WORK INSTRUCTIONS :: Using the entries that follow, write out the line containing "define k where", the line containing "expresses \<open>f\<^sub>u\<close> through", and every line between them, exactly and nothing else.

*** EXTRACTED MATERIAL Section Begins ***

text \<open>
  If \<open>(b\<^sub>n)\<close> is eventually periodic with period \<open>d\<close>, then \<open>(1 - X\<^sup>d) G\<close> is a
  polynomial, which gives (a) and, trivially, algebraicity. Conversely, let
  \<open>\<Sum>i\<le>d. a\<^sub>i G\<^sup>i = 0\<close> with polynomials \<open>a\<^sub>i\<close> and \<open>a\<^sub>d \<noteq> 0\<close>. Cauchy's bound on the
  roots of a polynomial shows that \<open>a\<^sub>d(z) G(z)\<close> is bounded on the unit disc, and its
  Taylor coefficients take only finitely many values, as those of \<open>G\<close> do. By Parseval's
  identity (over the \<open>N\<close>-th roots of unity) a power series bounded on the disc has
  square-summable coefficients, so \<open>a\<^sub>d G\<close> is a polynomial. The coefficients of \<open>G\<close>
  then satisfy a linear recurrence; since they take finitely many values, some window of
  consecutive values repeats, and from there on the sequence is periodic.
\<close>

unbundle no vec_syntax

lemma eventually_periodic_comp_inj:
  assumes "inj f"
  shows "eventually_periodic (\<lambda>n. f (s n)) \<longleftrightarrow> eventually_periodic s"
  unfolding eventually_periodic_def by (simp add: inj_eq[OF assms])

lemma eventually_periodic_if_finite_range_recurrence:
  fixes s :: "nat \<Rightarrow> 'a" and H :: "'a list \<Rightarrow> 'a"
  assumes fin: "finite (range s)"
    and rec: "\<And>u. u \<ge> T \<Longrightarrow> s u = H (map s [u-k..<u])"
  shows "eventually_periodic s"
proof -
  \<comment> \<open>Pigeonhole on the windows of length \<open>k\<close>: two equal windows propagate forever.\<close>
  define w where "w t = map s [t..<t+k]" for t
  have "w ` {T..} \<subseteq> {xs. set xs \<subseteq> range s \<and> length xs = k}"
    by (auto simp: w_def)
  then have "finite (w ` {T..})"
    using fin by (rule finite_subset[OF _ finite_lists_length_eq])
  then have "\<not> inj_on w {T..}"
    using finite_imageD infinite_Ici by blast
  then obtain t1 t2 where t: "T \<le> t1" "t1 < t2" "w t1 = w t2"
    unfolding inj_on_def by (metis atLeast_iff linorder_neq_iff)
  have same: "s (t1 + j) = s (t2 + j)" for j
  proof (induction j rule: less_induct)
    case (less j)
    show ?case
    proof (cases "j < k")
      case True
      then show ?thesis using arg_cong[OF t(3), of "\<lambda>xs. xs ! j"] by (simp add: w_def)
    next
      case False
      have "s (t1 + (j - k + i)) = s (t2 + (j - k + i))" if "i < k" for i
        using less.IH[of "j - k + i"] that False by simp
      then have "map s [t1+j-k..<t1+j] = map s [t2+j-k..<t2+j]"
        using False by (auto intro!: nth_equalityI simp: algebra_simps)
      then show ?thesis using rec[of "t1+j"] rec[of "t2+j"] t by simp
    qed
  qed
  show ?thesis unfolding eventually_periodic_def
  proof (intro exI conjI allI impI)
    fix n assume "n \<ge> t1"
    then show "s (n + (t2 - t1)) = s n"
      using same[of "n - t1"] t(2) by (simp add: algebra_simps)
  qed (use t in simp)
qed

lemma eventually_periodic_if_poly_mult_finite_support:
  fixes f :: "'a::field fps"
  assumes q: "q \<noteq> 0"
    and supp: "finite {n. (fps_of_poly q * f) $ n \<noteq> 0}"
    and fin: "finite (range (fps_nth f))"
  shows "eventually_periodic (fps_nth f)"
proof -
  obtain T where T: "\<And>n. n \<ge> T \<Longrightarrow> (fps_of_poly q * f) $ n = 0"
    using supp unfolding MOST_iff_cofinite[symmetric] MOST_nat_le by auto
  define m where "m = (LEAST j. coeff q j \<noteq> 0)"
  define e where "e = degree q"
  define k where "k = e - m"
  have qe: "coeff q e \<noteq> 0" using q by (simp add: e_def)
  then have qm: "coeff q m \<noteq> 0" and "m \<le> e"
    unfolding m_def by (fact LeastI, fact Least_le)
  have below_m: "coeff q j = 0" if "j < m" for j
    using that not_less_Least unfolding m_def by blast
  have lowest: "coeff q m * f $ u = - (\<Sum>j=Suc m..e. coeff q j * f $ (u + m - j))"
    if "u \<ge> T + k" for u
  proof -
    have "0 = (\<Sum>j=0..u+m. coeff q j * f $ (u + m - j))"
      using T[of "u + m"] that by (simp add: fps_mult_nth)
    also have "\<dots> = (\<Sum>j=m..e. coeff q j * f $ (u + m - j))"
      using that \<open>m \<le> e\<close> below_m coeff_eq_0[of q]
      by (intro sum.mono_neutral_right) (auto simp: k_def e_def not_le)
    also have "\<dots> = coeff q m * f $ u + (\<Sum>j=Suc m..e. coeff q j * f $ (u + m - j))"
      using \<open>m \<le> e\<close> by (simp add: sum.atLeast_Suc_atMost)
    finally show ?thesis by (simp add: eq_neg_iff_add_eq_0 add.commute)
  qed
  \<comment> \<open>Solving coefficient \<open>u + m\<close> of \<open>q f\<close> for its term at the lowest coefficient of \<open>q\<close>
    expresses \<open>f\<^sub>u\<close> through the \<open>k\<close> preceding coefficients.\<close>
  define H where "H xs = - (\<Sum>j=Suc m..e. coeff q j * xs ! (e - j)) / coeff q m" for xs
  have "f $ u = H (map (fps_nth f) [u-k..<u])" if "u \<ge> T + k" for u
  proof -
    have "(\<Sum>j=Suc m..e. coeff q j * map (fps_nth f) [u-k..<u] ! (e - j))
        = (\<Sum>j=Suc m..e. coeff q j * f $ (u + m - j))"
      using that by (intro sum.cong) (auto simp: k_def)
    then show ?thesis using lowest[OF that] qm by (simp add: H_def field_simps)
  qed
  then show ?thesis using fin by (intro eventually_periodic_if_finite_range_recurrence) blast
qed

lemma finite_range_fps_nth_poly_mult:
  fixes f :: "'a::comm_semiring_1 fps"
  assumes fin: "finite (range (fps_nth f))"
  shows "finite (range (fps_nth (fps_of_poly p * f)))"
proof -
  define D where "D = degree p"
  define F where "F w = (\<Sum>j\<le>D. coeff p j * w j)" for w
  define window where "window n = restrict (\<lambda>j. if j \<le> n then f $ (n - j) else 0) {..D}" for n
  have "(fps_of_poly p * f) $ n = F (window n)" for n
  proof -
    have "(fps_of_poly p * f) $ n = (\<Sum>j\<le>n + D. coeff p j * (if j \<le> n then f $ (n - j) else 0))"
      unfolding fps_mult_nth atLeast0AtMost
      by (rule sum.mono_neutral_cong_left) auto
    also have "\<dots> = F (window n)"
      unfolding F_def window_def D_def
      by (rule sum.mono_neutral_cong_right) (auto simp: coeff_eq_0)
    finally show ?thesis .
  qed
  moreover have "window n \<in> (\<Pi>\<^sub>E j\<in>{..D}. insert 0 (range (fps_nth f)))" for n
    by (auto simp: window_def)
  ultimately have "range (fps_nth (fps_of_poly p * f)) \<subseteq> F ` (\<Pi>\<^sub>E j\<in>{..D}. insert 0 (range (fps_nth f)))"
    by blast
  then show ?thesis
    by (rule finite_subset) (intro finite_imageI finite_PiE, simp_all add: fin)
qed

*** EXTRACTED MATERIAL Section Ends ***

WRITTEN SOLUTION ::
  define k where "k = e - m"
  have qe: "coeff q e \<noteq> 0" using q by (simp add: e_def)
  then have qm: "coeff q m \<noteq> 0" and "m \<le> e"
    unfolding m_def by (fact LeastI, fact Least_le)
  have below_m: "coeff q j = 0" if "j < m" for j
    using that not_less_Least unfolding m_def by blast
  have lowest: "coeff q m * f $ u = - (\<Sum>j=Suc m..e. coeff q j * f $ (u + m - j))"
    if "u \<ge> T + k" for u
  proof -
    have "0 = (\<Sum>j=0..u+m. coeff q j * f $ (u + m - j))"
      using T[of "u + m"] that by (simp add: fps_mult_nth)
    also have "\<dots> = (\<Sum>j=m..e. coeff q j * f $ (u + m - j))"
      using that \<open>m \<le> e\<close> below_m coeff_eq_0[of q]
      by (intro sum.mono_neutral_right) (auto simp: k_def e_def not_le)
    also have "\<dots> = coeff q m * f $ u + (\<Sum>j=Suc m..e. coeff q j * f $ (u + m - j))"
      using \<open>m \<le> e\<close> by (simp add: sum.atLeast_Suc_atMost)
    finally show ?thesis by (simp add: eq_neg_iff_add_eq_0 add.commute)
  qed
  \<comment> \<open>Solving coefficient \<open>u + m\<close> of \<open>q f\<close> for its term at the lowest coefficient of \<open>q\<close>
    expresses \<open>f\<^sub>u\<close> through the \<open>k\<close> preceding coefficients.\<close>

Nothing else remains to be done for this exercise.